Батискаф - Иванов Андрей Вячеславович. Страница 37

— Нет, нет, — сказал Ханни, — ты не калека, а только притворяешься калекой. Это твой образ, ты носишь маску, безобразную маску, потому что не желаешь, чтоб твое подлинное лицо видели обитатели пустынь и оазиса, в котором находится наша башня. Все думают, что ты — урод, и вообще, они думают, что нас нет, они не видят ни дворца ни башни, люди, что обитают вокруг, они думают, что придумали нас, что мы — сказочные персонажи, что мы являемся во сне, что мы духи, а мы всего лишь управляем волшебной машиной, которая, как призма, преломляет время, изгибает пространство и делает нас неуловимыми для глаз, мы можем замедлять и убыстрять течение времени. Мы можем отправлять вместо себя голограмму. Мы можем все, потому что, если приготовить волшебные чернила, и написать ими желание на спине девственницы в полнолуние, а потом сбросить ее торжественно с башни на скалы озера, над которым растет наша башня, то оно исполнится. Но ты — не урод, ни в коем случае. Ты хромаешь. Это ранение. Это старая рана. Битва с какими-нибудь дикарями. У тебя горб. Но он накладной, конечно. Когда ты ведешь ко мне на поругание очередную принцессу, похищенную из далекого королевства, ты ведешь ее по очень длинной лестнице, такой длинной, что пока вы доползете до моей спальни, она вся изойдет.

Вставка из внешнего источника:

text \<open>s is replaced by its inf-convolution T with lam nrm, which is continuous and still dominates L
  up to the transport cost.\<close>

lemma integral_le_wasserstein_dual:
  fixes what :: "'k::finite \<Rightarrow> 'a::euclidean_space" and L :: "'a \<Rightarrow> real"
  assumes nrm: "is_norm nrm" and W: "compact W"
    and \<mu>: "\<mu> \<in> prob_measures_on W" "wasserstein nrm \<mu> (empirical_measure what) \<le> ennreal \<theta>"
    and L: "continuous_on UNIV L" and \<theta>: "0 \<le> \<theta>" and lam: "0 \<le> lam"
    and le: "\<And>w i. w \<in> W \<Longrightarrow> L w \<le> s i + lam * nrm (w - what i)"
  shows "integral\<^sup>L \<mu> L \<le> lam * \<theta> + sample_average s"
proof (rule field_le_epsilon)
  fix e :: real assume "0 < e"
  define T where "T v = (MIN i. s i + lam * nrm (v - what i))" for v
  have T: "T \<in> borel_measurable borel"
    unfolding T_def by (intro borel_measurable_continuous_onI continuous_on_MIN continuous_intros
        continuous_on_compose2[OF is_norm_continuous_on[OF nrm]]) auto
  have T_what: "T (what i) \<le> s i" for i
  proof -
    have "T (what i) \<le> s i + lam * nrm (what i - what i)"
      unfolding T_def by (rule Min_le) (simp, rule rangeI)
    then show ?thesis
      by (simp add: is_norm_zero[OF nrm])
  qed
  have LT: "L w \<le> T v + lam * nrm (w - v)" if "w \<in> W" for w v
    unfolding T_def using le_inf_convolution[OF nrm lam that le] .
  have "wasserstein nrm \<mu> (empirical_measure what) < ennreal (\<theta> + e / (lam + 1))"
    using \<mu>(2) \<theta> lam \<open>0 < e\<close> by (auto intro: le_less_trans ennreal_lessI)
  then obtain \<kappa> where \<kappa>: "\<kappa> \<in> couplings \<mu> (empirical_measure what)"
    and cost: "integrable \<kappa> (\<lambda>p. nrm (fst p - snd p))" "(\<integral>p. nrm (fst p - snd p) \<partial>\<kappa>) < \<theta> + e / (lam + 1)"
    using wasserstein_less_obtain_coupling[OF nrm] by blast
  have "integral\<^sup>L \<mu> L \<le> integral\<^sup>L (empirical_measure what) T + (\<integral>p. lam * nrm (fst p - snd p) \<partial>\<kappa>)"
    using LT W by (intro integral_le_coupling[OF \<kappa> AE_in_prob_measures_on[OF \<mu>(1)]]
        borel_measurable_continuous_onI integrable_prob_measures_on[OF \<mu>(1)] L
        integrable_empirical_measure T integrable_mult_right cost(1))
      (auto simp: compact_imp_closed)
  also have "integral\<^sup>L (empirical_measure what) T \<le> sample_average s"
    unfolding integral_empirical_measure[OF T] by (intro sample_average_mono T_what)
  also have "(\<integral>p. lam * nrm (fst p - snd p) \<partial>\<kappa>) \<le> lam * \<theta> + e"
  proof -
    have "lam * (\<integral>p. nrm (fst p - snd p) \<partial>\<kappa>) \<le> lam * (\<theta> + e / (lam + 1))"
      using cost(2) lam by (intro mult_left_mono) auto
    also have "\<dots> \<le> lam * \<theta> + e"
      using lam \<open>0 < e\<close> by (simp add: distrib_left field_simps)
    finally show ?thesis
      by simp
  qed
  finally show "integral\<^sup>L \<mu> L \<le> lam * \<theta> + sample_average s + e"
    by simp
qed

lemma distr_pmf_in_prob_measures_on:
  assumes "W \<in> sets borel" "\<And>x. f x \<in> W"
  shows "distr (measure_pmf q) borel f \<in> prob_measures_on W"
proof -
  have f: "f \<in> measurable (measure_pmf q) borel"
    by simp
  have "f -` W \<inter> space (measure_pmf q) = space (measure_pmf q)"
    using assms(2) by auto
  then show ?thesis
    unfolding prob_measures_on_def using emeasure_distr[OF f assms(1)] measure_pmf.prob_space_distr[OF f]
    by simp
qed

lemma wasserstein_distr_pmf_le:
  fixes nrm :: "'a::euclidean_space \<Rightarrow> real" and f g :: "'b \<Rightarrow> 'a"
  assumes nrm: "is_norm nrm" and q: "finite (set_pmf q)"
  shows "wasserstein nrm (distr (measure_pmf q) borel f) (distr (measure_pmf q) borel g)
    \<le> ennreal (\<integral>x. nrm (f x - g x) \<partial>measure_pmf q)"
proof -
  define \<kappa> where "\<kappa> = distr (measure_pmf q) borel (\<lambda>x. (f x, g x))"
  have fg: "(\<lambda>x. (f x, g x)) \<in> measurable (measure_pmf q) borel"
    by simp
  have fst: "fst \<in> borel_measurable (borel :: ('a \<times> 'a) measure)"
    and snd: "snd \<in> borel_measurable (borel :: ('a \<times> 'a) measure)"
    by (auto intro!: borel_measurable_continuous_onI continuous_on_fst continuous_on_snd continuous_on_id)
  have "\<kappa> \<in> couplings (distr (measure_pmf q) borel f) (distr (measure_pmf q) borel g)"
    unfolding couplings_def \<kappa>_def
    using distr_distr[OF fst fg] distr_distr[OF snd fg] measure_pmf.prob_space_distr[OF fg]
    by (simp add: comp_def)
  then have "wasserstein nrm (distr (measure_pmf q) borel f) (distr (measure_pmf q) borel g)
      \<le> (\<integral>\<^sup>+ p. ennreal (nrm (fst p - snd p)) \<partial>\<kappa>)"
    unfolding wasserstein_def by (rule INF_lower)
  also have "\<dots> = (\<integral>\<^sup>+ x. ennreal (nrm (f x - g x)) \<partial>measure_pmf q)"
    unfolding \<kappa>_def using is_norm_diff_borel_measurable[OF nrm] by (subst nn_integral_distr[OF fg]) auto
  also have "\<dots> = ennreal (\<integral>x. nrm (f x - g x) \<partial>measure_pmf q)"
    by (rule nn_integral_eq_integral) (auto intro: integrable_measure_pmf_finite[OF q] simp: is_norm_nonneg[OF nrm])
  finally show ?thesis .
qed

lemma integral_uniform_bernoulli_pmf:
  fixes f :: "'k::finite \<times> bool \<Rightarrow> real"
  assumes "0 \<le> \<alpha>" "\<alpha> \<le> 1"
  shows "(\<integral>x. f x \<partial>measure_pmf (pair_pmf (pmf_of_set UNIV) (bernoulli_pmf \<alpha>)))
    = \<alpha> * sample_average (\<lambda>k. f (k, True)) + (1 - \<alpha>) * sample_average (\<lambda>k. f (k, False))"
proof -
  have "(\<integral>x. f x \<partial>measure_pmf (pair_pmf (pmf_of_set UNIV) (bernoulli_pmf \<alpha>)))
      = (\<Sum>x\<in>UNIV \<times> UNIV. f x * pmf (pair_pmf (pmf_of_set UNIV) (bernoulli_pmf \<alpha>)) x)"
    by (subst integral_measure_pmf_real) (auto simp: UNIV_Times_UNIV)
  also have "\<dots> = (\<Sum>k\<in>UNIV. f (k, True) * (\<alpha> / real CARD('k)) + f (k, False) * ((1 - \<alpha>) / real CARD('k)))"
    using assms by (simp add: sum.cartesian_product' UNIV_bool pmf_pair add.commute)
  finally show ?thesis
    unfolding sample_average_def by (simp add: sum.distrib sum_distrib_left sum_divide_distrib algebra_simps)
qed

Ты даже видишь влажную дорожку на ступеньках… Ты стоишь у двери и подслушиваешь, а потом я посылаю тебя за водой и фруктами, сладостями и кальяном, ты ползешь вниз, слизывая еще влажную дорожку со ступенек, а потом прешь на себе кувшин воды, корзины с едой, кальян, все на себе, хромая, к нам, наверх, бедолага! Мы жрем и трахаемся, а ты за дверью подслушиваешь, и даже подглядываешь в замочную скважину, мастурбируешь, но никак не можешь кончить, потому что тебе уже семьдесят пять, и ты давно ничего не можешь, потому что во время пыток в плену тебе отсекли яйца. Хэхахо! — воскликнул Хануман, вытягивая меня криком из дремы. — Вот это сказка!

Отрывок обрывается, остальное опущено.